Edit: I guess I can use Lowpass instead of using the exponential in the operator to update the eligibility trace, the filtered activities are not per-say eligibility trace because they don’t keep any information about the gradient.

The code seems to make sense, but I didn’t test it and I might have overlooked things (and it’s been a few years that I did anything with reinforcement learning). Right now your TD error and the global gradient are one-dimensional. I assume that is what you want (as opposed to n-dimensional TD error and gradient)?
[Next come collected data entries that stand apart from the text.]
(* Let $E$ be a finite extension of $\mathbf Q_p$ with ring of integers $O_E$. Let $\chi_{y,A}:A\to E$ be an ordinary character with values $(y_1,y_2,y_3)$ at $(Y_1,Y_2,Y_3)$. For $w\in\mathcal S_3$, define numbers $q(w,y)$ as follows: - $q(1,y)=1$; - $q(s_1,y)=1$ if $y_2^{-1}\in O_E$, and $q(s_1,y)=y_2^{-1}$ if $y_2\in O_E$; - $q(s_2,y)=y_2$ if $y_2^{-1}\in O_E$, and $q(s_2,y)=1$ if $y_2\in O_E$; - $q(s_1s_2,y)=q^{-1}y_1y_2$; - $q(s_2s_1,y)=q^{-1}y_1$; - $q(s_1s_2s_1,y)=q^{-1}y_1y_2$ if $y_2^{-1}\in O_E$, and $q(s_1s_2s_1,y)=q^{-1}y_1$ if $y_2\in O_E$. When $y_2$ is a unit, either of the two prescribed values may be used, consistently across $s_1,s_2,s_1s_2s_1$. Let $\Phi=1\otimes1$ be the canonical generator of $I_A(\chi_{y,A})$, and let $L(\chi_{y,A})$ be the $O_E$-submodule of $I_A(\chi_{y,A})$ that is free with basis $\{q(w,y)T_w\Phi\}_{w\in\mathcal S_3}$. Then $L(\chi_{y,A})=H_{O_E}\Phi$. In particular, $L(\chi_{y,A})$ is stable under $H_{O_E}$ and is an $O_E$-integral structure of $I_A(\chi_{y,A})$ (the canonical one).
   Context: Let $q$ be a power of $p$, namely the residue cardinality of a non-archimedean local field $F$. Let $H$ be the $\mathbf Z[q]$-algebra ($q$ an indeterminate) generated by $T^{\pm1},S_1$ with relations $$(S_1+1)(S_1-q)=0,\quad T^3S_1=S_1T^3,\quad S_1S_2S_1=S_2S_1S_2,\quad TS_2=S_1T.$$ For a commutative ring $R$ with a map $\mathbf Z[q]\to R$, set $H_R=H\otimes_{\mathbf Z[q]}R$; for $R=E$ or $O_E$, the indeterminate $q$ is sent to the integer $q$. In $H\otimes\mathbf Z[q^{\pm1}]$, the elements $S_i$ are invertible, and one puts $$Y_1=qS_1^{-1}S_2^{-1}T,\qquad Y_2=S_2^{-1}TS_1,\qquad Y_3=q^{-1}TS_1S_2.$$ Let $A$ be the commutative subalgebra generated over $\mathbf Z[q^{\pm1}]$ by $Y_i^{\pm1}$; it is a Laurent polynomial algebra in the $Y_i$. A character $\chi:A\to E$ is a ring morphism sending $q$ to $q$, and it is determined by its values $(y_1,y_2,y_3)$. The standard module is $I_A(\chi)=H_E\otimes_{A,\chi}E$; it is 6-dimensional, and its canonical generator is $\Phi=1\otimes1$. The character $\chi$ is called ordinary if $\chi(A\cap H)\subset O_E$ (equivalently, $(y_1y_2y_3)^{\pm1}$, $q(y_iy_j)^{\pm1}$ and $qy_i^{\pm1}$ lie in $O_E$ for $i\neq j$) and moreover $y_1\in O_E$ and $y_3^{-1}\in O_E$. $\mathcal S_3$ is the Coxeter group with generators $s_1,s_2$ and length function $\ell$. One sets $T_{s_i}=S_i$ and $T_{ww'}=T_wT_{w'}$ whenever $\ell(ww')=\ell(w)+\ell(w')$. An $O_E$-integral structure of a finite-dimensional $H_E$-module $M$ is a free $O_E$-submodule which is $H_{O_E}$-stable and contains an $E$-basis of $M$. *)

theory Defs
  imports Main HOL.Vector_Spaces "HOL-Computational_Algebra.Primes"
begin

text \<open>A finite extension of Q_p is (up to isomorphism) the same thing as a field of
characteristic 0, complete with respect to a discrete valuation, whose residue field is
finite of characteristic p.  The valuation v is normalised (surjective onto the integers);
its value at 0 is irrelevant (0 is treated separately).\<close>

definition p_adic_local_field :: "('e::field_char_0 \<Rightarrow> int) \<Rightarrow> nat \<Rightarrow> bool" where
  "p_adic_local_field v p \<longleftrightarrow>
     prime p \<and>
     (\<forall>x y. x \<noteq> 0 \<longrightarrow> y \<noteq> 0 \<longrightarrow> v (x * y) = v x + v y) \<and>
     (\<forall>x y. x \<noteq> 0 \<longrightarrow> y \<noteq> 0 \<longrightarrow> x + y \<noteq> 0 \<longrightarrow> v (x + y) \<ge> min (v x) (v y)) \<and>
     (\<exists>\<pi>. \<pi> \<noteq> 0 \<and> v \<pi> = 1) \<and>
     v (of_nat p) > 0 \<and>
     (\<exists>R. finite R \<and> (\<forall>x. (x = 0 \<or> v x \<ge> 0) \<longrightarrow> (\<exists>r\<in>R. x = r \<or> v (x - r) > 0))) \<and>
     (\<forall>s :: nat \<Rightarrow> 'e.
        (\<forall>N::int. \<exists>M. \<forall>m\<ge>M. \<forall>n\<ge>M. s m = s n \<or> v (s m - s n) \<ge> N) \<longrightarrow>
        (\<exists>l. \<forall>N::int. \<exists>M. \<forall>n\<ge>M. s n = l \<or> v (s n - l) \<ge> N))"

definition ring_of_integers :: "('e::field \<Rightarrow> int) \<Rightarrow> 'e set" where
  "ring_of_integers v = {x. x = 0 \<or> v x \<ge> 0}"

datatype s3 = W1 | Ws1 | Ws2 | Ws1s2 | Ws2s1 | Ws1s2s1

lemma UNIV_s3: "(UNIV :: s3 set) = {W1, Ws1, Ws2, Ws1s2, Ws2s1, Ws1s2s1}"
  using s3.exhaust by auto

instance s3 :: finite
  by standard (simp add: UNIV_s3)

text \<open>An H_E-module is an E-vector space with operators S1, T, Ti (= T^{-1}).
S2 is determined by T S2 = S1 T.\<close>

definition hS2 :: "('m \<Rightarrow> 'm) \<Rightarrow> ('m \<Rightarrow> 'm) \<Rightarrow> ('m \<Rightarrow> 'm) \<Rightarrow> 'm \<Rightarrow> 'm" where
  "hS2 S1 T Ti x = Ti (S1 (T x))"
Yes, the TD error should be one-dimensional. Although the global gradient need not be, but for my case I think it is enough for the global gradient to be one-dimensional. Ideally a multi-dim global gradient could be multiplied with a random matrix which is postsynaptic neuron specific, i.e. one random matrix of dims (dim_gradient, 1), but I am not sure how to implement that yet… I guess the connection can hold a constant signal (lets name it random_matrix) of dimensions (dim_gradient, n_postneurons)? then the eligibility trace becomes Lowpass( pre_activations X global_gradient X random_matrix ), where X is matrix multiplication.

Another thing that would be useful is a voltage based derivative approximate of the postsynaptic neuron transfer function. This is a bit unclear to me with nengo, since the voltages are between 0 and 1 if I understand it correctly, one could do: Lowpass( pre_activations X (global_gradient X random_matrix X post_voltage)) for the eligibility trace in the end?

Just to clarify, I am looking at this from an ML perspective, but that is probably clear already.

I can think of two places to store such a random matrix: Either you do it in the transform on the connection to the error input or you do it on the learning rule object itself.

I can’t answer your other question at the moment. I would have to familiarize myself with the math first. But you are correct that the voltages in Nengo (for LIF neurons) are normalized to the range [0, 1] and they will spike (and be reset) when they reach a voltage of 1.